Hey @ranjancse26 re: toxic content - any reason you don't want to use the openai moderations endpoint?

And -- why does this matter to you?

ranjancse26 commented 9 months ago

@krrishdholakia Open AI moderations are great, however there's a hard dependency on the Open AI. How about a generic solution which works for any LLM provider? detoxify is just an example on how we could leverage the content moderation without having to depend upon a single provider.

ranjancse26 commented 9 months ago

I wish, the LiteLLM has the capability by having a configurable module for handling the private or sensitive data before the prompts are being sent to the LLMs. Here's an idea which could be explored and integrated. Basically, it has the pre and post processing aspects that needs to be dealt with.

https://opaqueprompts.opaque.co/

Protect your sensitive data from model providers. Leverage LLMs, privately.

Pre-process LLM inputs to hide sensitive data in your prompts from LLM providers. Post-process LLM responses to replace all sanitized tokens with the original sensitive information.

krrishdholakia commented 9 months ago

oh - why can't you just clean this before using litellm

prompt = # scrub prompt 

response = completion(model="gpt-3.5-turbo", messages=[{"role": "user", "content": prompt}])

@ranjancse26

ranjancse26 commented 9 months ago

@krrishdholakia Apologize if things weren't fully clear. I will try my best to answer the open security or privacy concerns yet to solve the most common problems with the sensitive data.

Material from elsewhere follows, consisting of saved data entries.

theorem sum_pitman_var_le:
  assumes m1: "1 \<le> m"
  shows "(\<Sum>s \<in> {s. s \<subseteq> {1..N} \<and> card s = m}. pitman_var k n (conv_set F s))
       \<le> real ((N - 1) choose (m - 1)) * pitman_var k n (conv_set F {1..N})"
proof -
  have cJ: "card J = N" unfolding J_def by simp
  have "(\<Sum>s \<in> {s. s \<subseteq> J \<and> card s = m}. pitman_var k n (conv_set F s))
      \<le> (\<Sum>s \<in> {s. s \<subseteq> J \<and> card s = m}. ip (P (J - s) tJ) (P (J - s) tJ))"
    by (intro sum_mono pitman_var_le_ip_P_tJ) auto
  also have "\<dots> \<le> real ((card J - 1) choose (m - 1)) * ip tJ tJ"
    using finite_J tJ_Dom N1 m1 ip_P_J_tJ cJ by (intro sum_ip_P_complement_le) auto
  finally show ?thesis unfolding ip_tJ cJ unfolding J_def .
qed

end

theorem theorem1:
  fixes k N n m :: nat and F :: "nat \<Rightarrow> real measure"
  assumes "k \<ge> 1" and "n \<ge> 1" and "1 \<le> m" and "m \<le> N"
    and "\<And>j. j \<in> {1..N} \<Longrightarrow> prob_space (F j)"
    and "\<And>j. j \<in> {1..N} \<Longrightarrow> sets (F j) = sets borel"
    and "\<And>j. j \<in> {1..N} \<Longrightarrow> integrable (F j) (\<lambda>x. x ^ (2 * k))"
  shows "pitman_var k n (conv_set F {1..N}) \<ge>
    (\<Sum>s \<in> {s. s \<subseteq> {1..N} \<and> card s = m}. pitman_var k n (conv_set F s))
      / real ((N - 1) choose (m - 1))"
proof -
  have N1: "N \<ge> 1" using assms(3,4) by linarith
  interpret sum_sample_model F N n k
    by (rule sum_sample_model.intro) (use assms N1 in auto)
  have pos: "real ((N - 1) choose (m - 1)) > 0"
    using assms(3,4) by (simp add: zero_less_binomial)
  have le: "(\<Sum>s \<in> {s. s \<subseteq> {1..N} \<and> card s = m}. pitman_var k n (conv_set F s))
       \<le> real ((N - 1) choose (m - 1)) * pitman_var k n (conv_set F {1..N})"
    by (rule sum_pitman_var_le[OF assms(3)])
  show ?thesis
    using le by (subst pos_divide_le_eq[OF pos]) (simp add: mult.commute)
qed

end
definition info_matrix :: "('n::finite \<Rightarrow> real^'p^'p) \<Rightarrow> ('n \<Rightarrow> real) \<Rightarrow> real^'p^'p" where
  "info_matrix I w = (\<Sum>i\<in>UNIV. w i *\<^sub>R I i)"

definition crit :: "(real^'p^'p \<Rightarrow> ereal) \<Rightarrow> ('n::finite \<Rightarrow> real^'p^'p) \<Rightarrow> ('n \<Rightarrow> real) \<Rightarrow> ereal" where
  "crit psi I w = psi (info_matrix I w)"

definition mix :: "real \<Rightarrow> ('n \<Rightarrow> real) \<Rightarrow> ('n \<Rightarrow> real) \<Rightarrow> ('n \<Rightarrow> real)" where
  "mix \<alpha> \<xi> \<eta> = (\<lambda>i. (1 - \<alpha>) * \<xi> i + \<alpha> * \<eta> i)"

definition delta :: "'n \<Rightarrow> ('n \<Rightarrow> real)" where
  "delta i = (\<lambda>j. if j = i then 1 else 0)"

definition diff_quot :: "(('n \<Rightarrow> real) \<Rightarrow> ereal) \<Rightarrow> ('n \<Rightarrow> real) \<Rightarrow> ('n \<Rightarrow> real) \<Rightarrow> real \<Rightarrow> ereal" where
  "diff_quot Phi \<xi> \<eta> \<alpha> = (Phi (mix \<alpha> \<xi> \<eta>) - Phi \<xi>) / ereal \<alpha>"

definition Fdir :: "(('n \<Rightarrow> real) \<Rightarrow> ereal) \<Rightarrow> ('n \<Rightarrow> real) \<Rightarrow> ('n \<Rightarrow> real) \<Rightarrow> ereal" where
  "Fdir Phi \<xi> \<eta> = Lim (at_right 0) (diff_quot Phi \<xi> \<eta>)"

definition Fpt :: "(('n \<Rightarrow> real) \<Rightarrow> ereal) \<Rightarrow> ('n \<Rightarrow> real) \<Rightarrow> 'n \<Rightarrow> ereal" where
  "Fpt Phi \<xi> i = Fdir Phi \<xi> (delta i)"

definition convex_in_weights :: "(('n::finite \<Rightarrow> real) \<Rightarrow> ereal) \<Rightarrow> bool" where
  "convex_in_weights Phi \<longleftrightarrow> (\<forall>\<xi> \<eta> t. is_design \<xi> \<and> is_design \<eta> \<and> 0 \<le> t \<and> t \<le> 1 \<longrightarrow>
      Phi (mix t \<xi> \<eta>) \<le> ereal (1 - t) * Phi \<xi> + ereal t * Phi \<eta>)"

Generally, when dealing with the private or sensitive data, it's natural for organizations to have a fear of sending them directly to the public LLMs. Hence, the need for the proxy or the middleman to take care of the aspects of not only masking the sensitive info but also stub it with the necessary data once the LLMs returns it. That way, things will be more seamless for the consumers.

Wouldn't it be a nice service or an add-on to the LiteLLM proxy to handle these cross-cutting concerns?

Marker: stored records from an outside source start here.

lemma prec_plus_iff_partition_key_less:
  "x < y \<Longrightarrow> prec_plus (f x) (f y) \<longleftrightarrow> partition_key f x < partition_key f y"
  by (auto simp: partition_key_less_iff prec_plus_def)

lemma prec_minus_iff_partition_key_less:
  "y < x \<Longrightarrow> prec_minus (f x) (f y) \<longleftrightarrow> partition_key f x < partition_key f y"
  by (auto simp: partition_key_less_iff prec_minus_def)

definition sorts :: "nat \<Rightarrow> (nat \<Rightarrow> 'b::linorder) \<Rightarrow> (nat \<Rightarrow> nat) \<Rightarrow> bool" where
  "sorts n K \<pi> \<longleftrightarrow> (\<forall>i j. 1 \<le> i \<longrightarrow> i < j \<longrightarrow> j \<le> n \<longrightarrow> K (\<pi> i) < K (\<pi> j))"

lemma sorts_iff_adjacent:
  "sorts n K \<pi> \<longleftrightarrow> (\<forall>i. 1 \<le> i \<and> i < n \<longrightarrow> K (\<pi> i) < K (\<pi> (i + 1)))"
proof
  assume adj: "\<forall>i. 1 \<le> i \<and> i < n \<longrightarrow> K (\<pi> i) < K (\<pi> (i + 1))"
  have "1 \<le> i \<Longrightarrow> i < j \<Longrightarrow> j \<le> n \<Longrightarrow> K (\<pi> i) < K (\<pi> j)" for i j
  proof (induction j)
    case (Suc j)
    with adj show ?case
      by (cases "i = j") (auto intro: order.strict_trans)
  qed simp
  then show "sorts n K \<pi>"
    by (simp add: sorts_def)
qed (simp add: sorts_def)

lemma is_pi_partition_iff_sorts:
  assumes "\<pi> permutes {1..n}"
  shows "is_pi_partition n \<pi> f \<longleftrightarrow> sorts n (partition_key f) \<pi>"
proof -
  have "\<pi> i \<noteq> \<pi> (i + 1)" for i
    using permutes_inj[OF assms] by (metis inj_eq n_not_Suc_n Suc_eq_plus1)
  then show ?thesis
    unfolding is_pi_partition_def sorts_iff_adjacent
    using prec_plus_iff_partition_key_less prec_minus_iff_partition_key_less
    by (metis linorder_neqE_nat)
qed

lemma sorts_less_iff:
  assumes "sorts n K \<pi>" "i \<in> {1..n}" "j \<in> {1..n}"
  shows "K (\<pi> i) < K (\<pi> j) \<longleftrightarrow> i < j"
  using assms unfolding sorts_def by (metis atLeastAtMost_iff less_asym linorder_neqE_nat)

definition key_rank :: "nat \<Rightarrow> (nat \<Rightarrow> 'b::linorder) \<Rightarrow> nat \<Rightarrow> nat" where
  "key_rank n K x = card {y \<in> {1..n}. K y \<le> K x}"

lemma key_rank_less_iff:
  assumes "inj_on K {1..n}" "x \<in> {1..n}" "y \<in> {1..n}"
  shows "key_rank n K x < key_rank n K y \<longleftrightarrow> K x < K y"
proof -
  have psubset: "key_rank n K u < key_rank n K v" if "K u < K v" "v \<in> {1..n}" for u v
  proof -
    have "v \<in> {y \<in> {1..n}. K y \<le> K v}" "v \<notin> {y \<in> {1..n}. K y \<le> K u}"
      and "{y \<in> {1..n}. K y \<le> K u} \<subseteq> {y \<in> {1..n}. K y \<le> K v}"
      using that by auto
    then have "{y \<in> {1..n}. K y \<le> K u} \<subset> {y \<in> {1..n}. K y \<le> K v}"
      by blast
    then show ?thesis
      unfolding key_rank_def by (intro psubset_card_mono) auto
  qed
  have "K x \<noteq> K y" if "x \<noteq> y"
    using assms that by (meson inj_on_eq_iff)
  then show ?thesis
    using psubset assms by (metis less_asym linorder_neqE)
qed

lemma key_rank_in_range:
  assumes "x \<in> {1..n}"
  shows "key_rank n K x \<in> {1..n}"
proof -
  have "x \<in> {y \<in> {1..n}. K y \<le> K x}"
    using assms by simp
  then have "0 < key_rank n K x"
    unfolding key_rank_def by (subst card_gt_0_iff) auto
  moreover have "key_rank n K x \<le> card {1..n}"
    unfolding key_rank_def by (rule card_mono) auto
  ultimately show ?thesis
    by simp
qed

lemma key_rank_sorting:
  assumes p: "\<pi> permutes {1..n}" and s: "sorts n K \<pi>" and i: "i \<in> {1..n}"
  shows "key_rank n K (\<pi> i) = i"
proof -
  have "{y \<in> {1..n}. K y \<le> K (\<pi> i)} = {y \<in> \<pi> ` {1..n}. K y \<le> K (\<pi> i)}"
    using permutes_image[OF p] by simp
  also have "\<dots> = \<pi> ` {y \<in> {1..n}. K (\<pi> y) \<le> K (\<pi> i)}"
    by auto
  also have "{y \<in> {1..n}. K (\<pi> y) \<le> K (\<pi> i)} = {1..i}"
  proof -
    have "K (\<pi> y) \<le> K (\<pi> i) \<longleftrightarrow> y \<le> i" if "y \<in> {1..n}" for y
      using sorts_less_iff[OF s i that] by (simp add: not_less[symmetric])
    then show ?thesis
      using i by auto
  qed
  finally have "key_rank n K (\<pi> i) = card (\<pi> ` {1..i})"
    by (simp only: key_rank_def)
  also have "\<dots> = i"
    using permutes_inj[OF p] by (simp add: card_image inj_on_subset)
  finally show ?thesis .
qed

Please let me know your thoughts?

shauryr commented 9 months ago

support for DeepInfra. This is the easiest and cheapest way to get llama 2 running for your system. They support openai api right now - https://deepinfra.com/meta-llama/Llama-2-70b-chat-hf/api?example=openai-python I imagine calling it via litellm would be better.

krrishdholakia commented 9 months ago

@shauryr isn't it just

from litellm import completion 

messages=[{"role":"user", "content": "Hey"}]

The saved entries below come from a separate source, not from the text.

theorem theorem7:
  fixes nrm :: "real^'n \<Rightarrow> real"
    and f :: "real^'n \<Rightarrow> real^'m \<Rightarrow> real^'n"
    and U :: "(real^'m) set"
    and A :: "(real^'n) set"
    and r M p :: real
    and lam :: "real \<Rightarrow> nat \<Rightarrow> real"
    and \<alpha> :: "real^'n \<Rightarrow> real"
    and \<alpha>lo \<alpha>hi pbar :: real
  assumes norm: "is_norm nrm"
    and f_cont: "continuous_on UNIV (\<lambda>(x, u). f x u)"
    and U_compact: "compact U" and U_ne: "U \<noteq> {}"
    and A_compact: "compact A" and A_ne: "A \<noteq> {}"
    and A_inv: "\<forall>x\<in>A. \<exists>u\<in>U. f x u \<in> A"
    and r_pos: "r > 0" and M_ge: "M \<ge> 1" and p_pos: "p > 0"
    and lam_nonneg: "\<forall>s\<in>{0..r}. \<forall>k. lam s k \<ge> 0"
    and lam_cont: "\<forall>k. continuous_on {0..r} (\<lambda>s. lam s k)"
    and lam_mono: "\<forall>k. mono_on {0..r} (\<lambda>s. lam s k)"
    and lam_zero: "\<forall>k. lam 0 k = 0"
    and lam_antimono: "\<forall>s\<in>{0..r}. \<forall>k l. k \<le> l \<longrightarrow> lam s l \<le> lam s k"
    and lam_init: "\<forall>s\<in>{0..r}. lam s 0 \<le> s"
    and lam_summable: "summable (\<lambda>k. lam r k powr p)"
    and stab: "\<forall>x. ndist nrm x A \<le> r \<longrightarrow>
                 (\<exists>\<pi>. (\<forall>j. \<pi> j \<in> U) \<and>
                    (\<forall>k. ndist nrm (traj f x \<pi> k) A \<le> M * lam (ndist nrm x A) k))"
    and \<alpha>_cont: "continuous_on UNIV \<alpha>"
    and \<alpha>_nonneg: "\<forall>x. \<alpha> x \<ge> 0"
    and \<alpha>lo_pos: "\<alpha>lo > 0" and \<alpha>hi_pos: "\<alpha>hi > 0" and pbar_ge: "pbar \<ge> p"
    and \<alpha>_bounds: "\<forall>x. \<alpha>lo * ndist nrm x A powr pbar \<le> \<alpha> x
                      \<and> \<alpha> x \<le> \<alpha>hi * ndist nrm x A powr pbar"
  shows "\<forall>X \<in> {X. compact X \<and> X \<noteq> {} \<and> X \<inter> domA nrm f U A \<noteq> {}}.
           \<forall>S. open S \<and> Vfun \<alpha> f U X \<in> S \<longrightarrow>
             (\<exists>\<delta>>0. \<forall>Y \<in> {X. compact X \<and> X \<noteq> {} \<and> X \<inter> domA nrm f U A \<noteq> {}}.
                 nhausdist nrm Y X < \<delta> \<longrightarrow> Vfun \<alpha> f U Y \<in> S)"
proof (intro ballI allI impI)
  fix X S
  assume "X \<in> {X. compact X \<and> X \<noteq> {} \<and> X \<inter> domA nrm f U A \<noteq> {}}"
    and S: "open S \<and> Vfun \<alpha> f U X \<in> S"
  then obtain x0 where X: "compact X" "X \<noteq> {}" and x0: "x0 \<in> X" "x0 \<in> domA nrm f U A"
    by blast
  obtain K where tail: "eventually (\<lambda>Y. \<forall>j. Psi \<alpha> (reach f U Y (j + K)) \<le> \<alpha>hi * (M * lam r j) powr pbar)
      (hausdorff_nhds X)"
    using eventually_Psi_reach_tail_le[OF norm A_ne f_cont r_pos _ lam_mono stab _ _ _ _ x0]
      M_ge \<alpha>_nonneg \<alpha>_bounds \<alpha>hi_pos p_pos pbar_ge by force
  have r: "r \<in> {0..r}"
    using r_pos by simp
  have lam_r: "0 \<le> lam r j \<and> lam r j \<le> r" for j
    using lam_nonneg[rule_format, OF r, of j]
      order_trans[OF lam_antimono[rule_format, OF r, of 0 j] lam_init[rule_format, OF r]] by simp
  have "summable (\<lambda>j. \<alpha>hi * (M * lam r j) powr pbar)"
    using lam_summable lam_r pbar_ge M_ge by (intro summable_scaled_powr_larger_exponent[where B = r]) auto
  with tail have "(Vfun \<alpha> f U \<longlongrightarrow> Vfun \<alpha> f U X) (hausdorff_nhds X)"
    using f_cont U_compact U_ne \<alpha>_cont \<alpha>_nonneg X by (intro tendsto_Vfun_hausdorff_nhds) auto
  then have "eventually (\<lambda>Y. Vfun \<alpha> f U Y \<in> S) (hausdorff_nhds X)"
    using S by (auto intro: topological_tendstoD)
  then show "\<exists>\<delta>>0. \<forall>Y\<in>{X. compact X \<and> X \<noteq> {} \<and> X \<inter> domA nrm f U A \<noteq> {}}.
      nhausdist nrm Y X < \<delta> \<longrightarrow> Vfun \<alpha> f U Y \<in> S"
    using eventually_hausdorff_nhds_nhausdist[OF norm X] by blast
qed
lemma finite_good_approxs_f_a:
  assumes t: "1 < t" and "14 / 5 < \<tau>"
  shows "finite (good_approxs t f_a \<tau>)"
proof (rule finite_subset)
  show "good_approxs t f_a \<tau> \<subseteq> {p. degree p \<le> 9} \<times> {p. degree p \<le> 9}"
  proof (rule subsetI)
    fix x
    assume "x \<in> good_approxs t f_a \<tau>"
    then obtain P Q where x: "x = (P, Q)" and "(P, Q) \<in> good_approxs t f_a \<tau>"
      by (cases x) simp
    then have "Q \<noteq> 0" and W: "poly_T Q * f_a - poly_T P = 0 \<or>
        (\<tau> - 1) * real (degree Q) < real_of_int (fls_subdegree (poly_T Q * f_a - poly_T P))"
      unfolding mem_good_approxs_iff[OF t] by blast+
    have "degree Q < 10"
      using \<open>Q \<noteq> 0\<close> \<open>14 / 5 < \<tau>\<close> W by (rule degree_lt_10_if_good_approx)
    moreover have "0 \<le> (\<tau> - 1) * real (degree Q)"
      using \<open>14 / 5 < \<tau>\<close> by simp
    then have "degree P \<le> degree Q"
      using W by (intro degree_num_le_degree_den) (auto simp: f_a_def fls_subdegree_fls_to_fps_gt0)
    ultimately show "x \<in> {p. degree p \<le> 9} \<times> {p. degree p \<le> 9}"
      by (simp add: x)
  qed
  show "finite ({p :: F3 poly. degree p \<le> 9} \<times> {p :: F3 poly. degree p \<le> 9})"
    by (intro finite_cartesian_product finite_degree_le)
qed

lemma infinite_good_approxs_f_a:
  assumes t: "1 < t" and "\<tau> < 8 / 3"
  shows "infinite (good_approxs t f_a \<tau>)"
proof -
  define g where "g k = (approx_num (6 * 3 ^ k), approx_den (6 * 3 ^ k))" for k :: nat
  have "inj g"
  proof (rule injI)
    fix k l
    assume "g k = g l"
    then have "degree (approx_den (6 * 3 ^ k)) = degree (approx_den (6 * 3 ^ l))"
      by (simp add: g_def)
    then show "k = l"
      by (simp add: degree_approx_den)
  qed
  moreover have "g k \<in> good_approxs t f_a \<tau>" for k
  proof -
    have "(\<tau> - 1) * real (6 * 3 ^ k) < real (10 * 3 ^ k)"
      using \<open>\<tau> < 8 / 3\<close> by simp
    then show ?thesis
      using approx_err_six_pow3[of k]
      by (simp add: g_def mem_good_approxs_iff[OF t] approx_den_nonzero degree_approx_den
          flip: approx_err_def)
  qed
  ultimately show ?thesis
    by (meson infinite_super image_subsetI range_inj_infinite infinite_UNIV_nat)
qed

response = completion(model="openai/meta-llama/Llama-2-70b-chat-hf", messages, api_key="<YOUR DEEPINFRA TOKEN>", api_base="https://api.deepinfra.com/v1/openai")

print(response) 

How can we help further?

shauryr commented 9 months ago

Yes. But I wanted to use it with llama-index via litellm. Any thoughts on that?

On Mon, Sep 25, 2023 at 10:32 PM Krish Dholakia @.***> wrote:

@shauryr https://github.com/shauryr isn't it just

from litellm import completion

messages=[{"role":"user", "content": "Hey"}]

response = completion(model="openai/meta-llama/Llama-2-70b-chat-hf", messages, api_key="", api_base="https://api.deepinfra.com/v1/openai")

print(response)

— Reply to this email directly, view it on GitHub https://github.com/BerriAI/litellm/issues/361#issuecomment-1734772212, or unsubscribe https://github.com/notifications/unsubscribe-auth/ADAFLTB4PE3FTBUTGPN5SU3X4JEFRANCNFSM6AAAAAA4W7JAQM . You are receiving this because you were mentioned.Message ID: @.***>

krrishdholakia commented 9 months ago

Are you seeing an error with it? This should work without changes

shauryr commented 9 months ago

https://github.com/jerryjliu/llama_index/issues/7824 - Have a look at this issue that I created.

abhinavkulkarni commented 9 months ago

Create a proxy service that acts as a translator for various backends - TGI, Llama.cpp, etc. and returns responses that are OpenAI API compatible. A user should be able to spin the service up locally. This will help users use various products and services by simply modifying OPENAI_API_BASE.